Subject: Re: lib/19638: isalpha (3) bug
To: Dave Sainty , <martin@duskware.de>
From: Mike Cheponis <mac@Wireless.Com>
List: netbsd-bugs
Date: 01/02/2003 21:44:04
On Fri, 3 Jan 2003, Dave Sainty wrote:

> > Interesting.  Here is my man page:
>
> Ah, it must have been updated at some stage more recently.

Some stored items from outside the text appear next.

(* Let $r_0>0$ and $0<a<2r_0$, and let $\mathbf{x}_1,\dots,\mathbf{x}_n$ be i.i.d. uniformly distributed on the annulus $\{\mathbf{x}\in\mathbb{R}^2: r_0-a/2\le\|\mathbf{x}\|\le r_0+a/2\}$. Fix $\delta>0$ and $p\in(0,1]$, and set $\delta_n=\delta\, r_0\sqrt{\log n/n}$. Let $S=\{(i,j)\in[n]\times[n]: i\neq j,\ \|\mathbf{x}_i-\mathbf{x}_j\|\le\delta_n\}$ and define $\bar{\mathbf{D}}^s\in\mathbb{R}^{n\times n}$ by $\bar{\mathbf{D}}^s_{i,j}=\|\mathbf{x}_i-\mathbf{x}_j\|^2$ if $(i,j)\in S$ and $\bar{\mathbf{D}}^s_{i,j}=0$ otherwise. Let $E\subseteq[n]\times[n]$ be a random set, independent of the positions, containing each index pair $(i,j)$ independently with probability $p$, and let $\mathcal{P}_E(\mathbf{M})_{i,j}=\mathbf{M}_{i,j}$ for $(i,j)\in E$ and $0$ otherwise. Then there exists a constant $c$ (independent of $n$) such that, for all sufficiently large $n$, with probability at least $1-n^{-3}$, $$\|\mathcal{P}_E(\bar{\mathbf{D}}^s)\|_2\le c\,\delta^3(r_0+a)^2\Big(\sqrt{\tfrac{\log n}{n}}\Big)^3 p\,n .$$
   Context: $\|\cdot\|_2$ denotes the spectral (operator) norm of a matrix; $[n]=\{1,\dots,n\}$. *)

theory Defs
  imports "HOL-Probability.Probability"
begin

definition spec_norm :: "nat \<Rightarrow> (nat \<Rightarrow> nat \<Rightarrow> real) \<Rightarrow> real" where
  "spec_norm n M = (SUP v \<in> {v :: nat \<Rightarrow> real. (\<Sum>j<n. (v j)\<^sup>2) \<le> 1}.
       sqrt (\<Sum>i<n. (\<Sum>j<n. M i j * v j)\<^sup>2))"

definition annulus :: "real \<Rightarrow> real \<Rightarrow> (real^2) set" where
  "annulus r0 a = {x. r0 - a/2 \<le> norm x \<and> norm x \<le> r0 + a/2}"

definition delta_n :: "real \<Rightarrow> real \<Rightarrow> nat \<Rightarrow> real" where
  "delta_n \<delta> r0 n = \<delta> * r0 * sqrt (ln (real n) / real n)"

definition Dbar_s :: "real \<Rightarrow> (nat \<Rightarrow> real^2) \<Rightarrow> nat \<Rightarrow> nat \<Rightarrow> real" where
  "Dbar_s dn x i j = (if i \<noteq> j \<and> norm (x i - x j) \<le> dn then (norm (x i - x j))\<^sup>2 else 0)"

definition P_E :: "(nat \<times> nat \<Rightarrow> bool) \<Rightarrow> (nat \<Rightarrow> nat \<Rightarrow> real) \<Rightarrow> nat \<Rightarrow> nat \<Rightarrow> real" where
  "P_E E M i j = (if E (i, j) then M i j else 0)"

text \<open>Joint law: n i.i.d. uniform points on the annulus, independent of the random
  set E containing each pair (i,j) in [n]x[n] independently with probability p.\<close>
definition model :: "real \<Rightarrow> real \<Rightarrow> real \<Rightarrow> nat \<Rightarrow>
    ((nat \<Rightarrow> real^2) \<times> (nat \<times> nat \<Rightarrow> bool)) measure" where
  "model r0 a p n =
     (PiM {..<n} (\<lambda>_. uniform_measure lborel (annulus r0 a)))
     \<Otimes>\<^sub>M (PiM ({..<n} \<times> {..<n}) (\<lambda>_. measure_pmf (bernoulli_pmf p)))"

end

theory Submission
  imports Defs "HOL-Real_Asymp.Real_Asymp"
begin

Ahhh, OK, but what automated script do I run to get notification that
man pages have been updated?  I run the auto security update check at
night, for example...


> > Still, it seems a gross bug to take an "int" argument and then segfault
> > when the routine sees an argument it doesn't like.
> >
> > It's not the "NetBSD Way".


> It might help to know how it's implemented.  These functions all
> reference directly into an array in memory, sized to handle the range
> -1 .. 255.  So it isn't a coding error in isalpha() that causes it to
> seg fault, it simply relies on the calling program to ensure that the
> argument will not fall off the top or the bottom of the array.
>
> Usually the input stream is 8-bit anyway, so in typical code (so long
> as the value is correctly cast as unsigned), it's impossible to exceed
> the acceptable range anyway.

Thanks, I looked at the code and figured out it was a cleverly encoded table
that has bits set if the code has certain properties (isdigit, isupper,etc).

HOWEVER, the behavior on NetBSD is still wrong, I maintain.  Here's my
argument:

Here's the program again:

#include <stdio.h>
#include <stdlib.h>
#include <ctype.h>

int main(){  int v,c;

  for (c=0; c <= 0x7ffffff; c++)    v = isalpha(c);

  return 0;
}


1)  Here are the OSs that this program works without a problem:


o Digital UNIX V4.0B  (Rev. 564); Tue Dec 14 15:43:30 EST 1999
o FreeBSD 4.2-RELEASE #2: Sun Mar  4 12:11:05 PST 2001
o BSDI BSD/OS 4.0 Kernel #6: Thu Jan 21 12:47:23 PST 1999

I had access to these machines, nothing else special about them.

2) Here are the OSs with a problem:

o NetBSD 1.6
o Linux version 2.2.14-12smp (root@porky.devel.redhat.com)
   (gcc version egcs-2.91.66 19990314/Linux (egcs-1.1.2 release))
   #1 SMP Tue Apr 25 12:58:06 EDT 2000
o Linux 2.0.x - (quite old Linux Suse release)
o Minix 2.0.3


==> Argument First: NetBSD's behavior should be like the BSDs, not like
    Linux.

==> Argument Second: Although I'm all for "programming by contract" as a
    programming dicipline, I believe that we need to treat libc as meeting
    a "higher standard".

    In particular, libc should not violate the Principal of Least Astonishment,
    which it clearly does here.

    Feeding a routine in libc a perfectly valid int should NOT cause the
    libc routine to segfault.  That is Bad.


Sugested fix:

Add this c-equivalent line to   isalpha(c):

  if( c < 0 || c > 0xff)return 0;  // Cannot be alphabetic
  // this  "if" could  also be nicely encoded as a bit test against 0xffffff00

  // Else, array bound is OK, index into our 256-byte array


==> Argument Third: I don't care if I see bat-out-of-hell performance if
    the result is wrong.  (The suggested mod, above, I believe would not
    noticeably slow down any but the most pathological programs.)


Thanks again,

-Mike